* **Your assignment**:
Each line from the first down to the one containing "obtains M where" should be returned exactly as it appears below.

(Stored data entries)
---
lemma pair_matching_augment:
  assumes M: "pair_matching R A B M" and "(x, y) \<in> M"
    and "u \<in> A - fst ` M" and "w \<in> B - snd ` M" and "R u y" and "R x w"
  shows "pair_matching R A B (insert (u, y) (insert (x, w) (M - {(x, y)})))"
proof -
  have "x \<notin> fst ` (M - {(x, y)})" and "y \<notin> snd ` (M - {(x, y)})"
    using M \<open>(x, y) \<in> M\<close> unfolding pair_matching_def
    by (force dest: inj_onD[of fst M "(x, y)"], force dest: inj_onD[of snd M "(x, y)"])
  moreover have "u \<noteq> x" and "w \<noteq> y"
    using assms(2-4) by force+
  ultimately show ?thesis
    using assms unfolding pair_matching_def by (auto intro: inj_on_subset)
qed

lemma ex_maximum_pair_matching:
  assumes "finite A" and "finite B"
  obtains M where "pair_matching R A B M"
    and "\<And>M'. pair_matching R A B M' \<Longrightarrow> card M' \<le> card M"
proof -
  have "pair_matching R A B {}"
    unfolding pair_matching_def by simp
  moreover have "card M < Suc (card (A \<times> B))" if "pair_matching R A B M" for M
    using that assms card_mono[of "A \<times> B" M] unfolding pair_matching_def by simp
  ultimately show ?thesis
    using ex_has_greatest_nat[where f = card] that by blast
qed

context
  fixes R :: "'a \<Rightarrow> 'b \<Rightarrow> bool" and A :: "'a set" and B :: "'b set" and M :: "('a \<times> 'b) set"
  assumes finite_AB: "finite A" "finite B"
    and matching: "pair_matching R A B M"
    and maximum: "\<And>M'. pair_matching R A B M' \<Longrightarrow> card M' \<le> card M"
begin

lemma maximum_pair_matching_no_free_edge:
  assumes "u \<in> A - fst ` M" and "w \<in> B - snd ` M"
  shows "\<not> R u w"
proof
  assume "R u w"
  then have "card (insert (u, w) M) \<le> card M"
    using maximum pair_matching_insert[OF matching assms] by blast
  moreover have "(u, w) \<notin> M"
    using assms by force
  ultimately show False
    using finite_pair_matching[OF finite_AB matching] by simp
qed

lemma maximum_pair_matching_no_augmenting_path:
  assumes "(x, y) \<in> M" and "u \<in> A - fst ` M" and "w \<in> B - snd ` M" and "R u y"
  shows "\<not> R x w"
proof
  assume "R x w"
  let ?M' = "insert (u, y) (insert (x, w) (M - {(x, y)}))"
  have "card ?M' \<le> card M"
    using maximum pair_matching_augment[OF matching assms(1-4) \<open>R x w\<close>] by blast
  moreover have "(x, w) \<notin> M" and "u \<noteq> x" and "(u, y) \<notin> M"
    using assms by force+
  moreover have "finite M" and "card (M - {(x, y)}) = card M - 1" and "card M \<noteq> 0"
    using finite_pair_matching[OF finite_AB matching] assms(1) by auto
  ultimately show False
    by (simp add: card_insert_if)
qed

end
---
* **Answer to this task**:
lemma pair_matching_augment:
  assumes M: "pair_matching R A B M" and "(x, y) \<in> M"
    and "u \<in> A - fst ` M" and "w \<in> B - snd ` M" and "R u y" and "R x w"
  shows "pair_matching R A B (insert (u, y) (insert (x, w) (M - {(x, y)})))"
proof -
  have "x \<notin> fst ` (M - {(x, y)})" and "y \<notin> snd ` (M - {(x, y)})"
    using M \<open>(x, y) \<in> M\<close> unfolding pair_matching_def
    by (force dest: inj_onD[of fst M "(x, y)"], force dest: inj_onD[of snd M "(x, y)"])
  moreover have "u \<noteq> x" and "w \<noteq> y"
    using assms(2-4) by force+
  ultimately show ?thesis
    using assms unfolding pair_matching_def by (auto intro: inj_on_subset)
qed

lemma ex_maximum_pair_matching:
  assumes "finite A" and "finite B"
  obtains M where "pair_matching R A B M"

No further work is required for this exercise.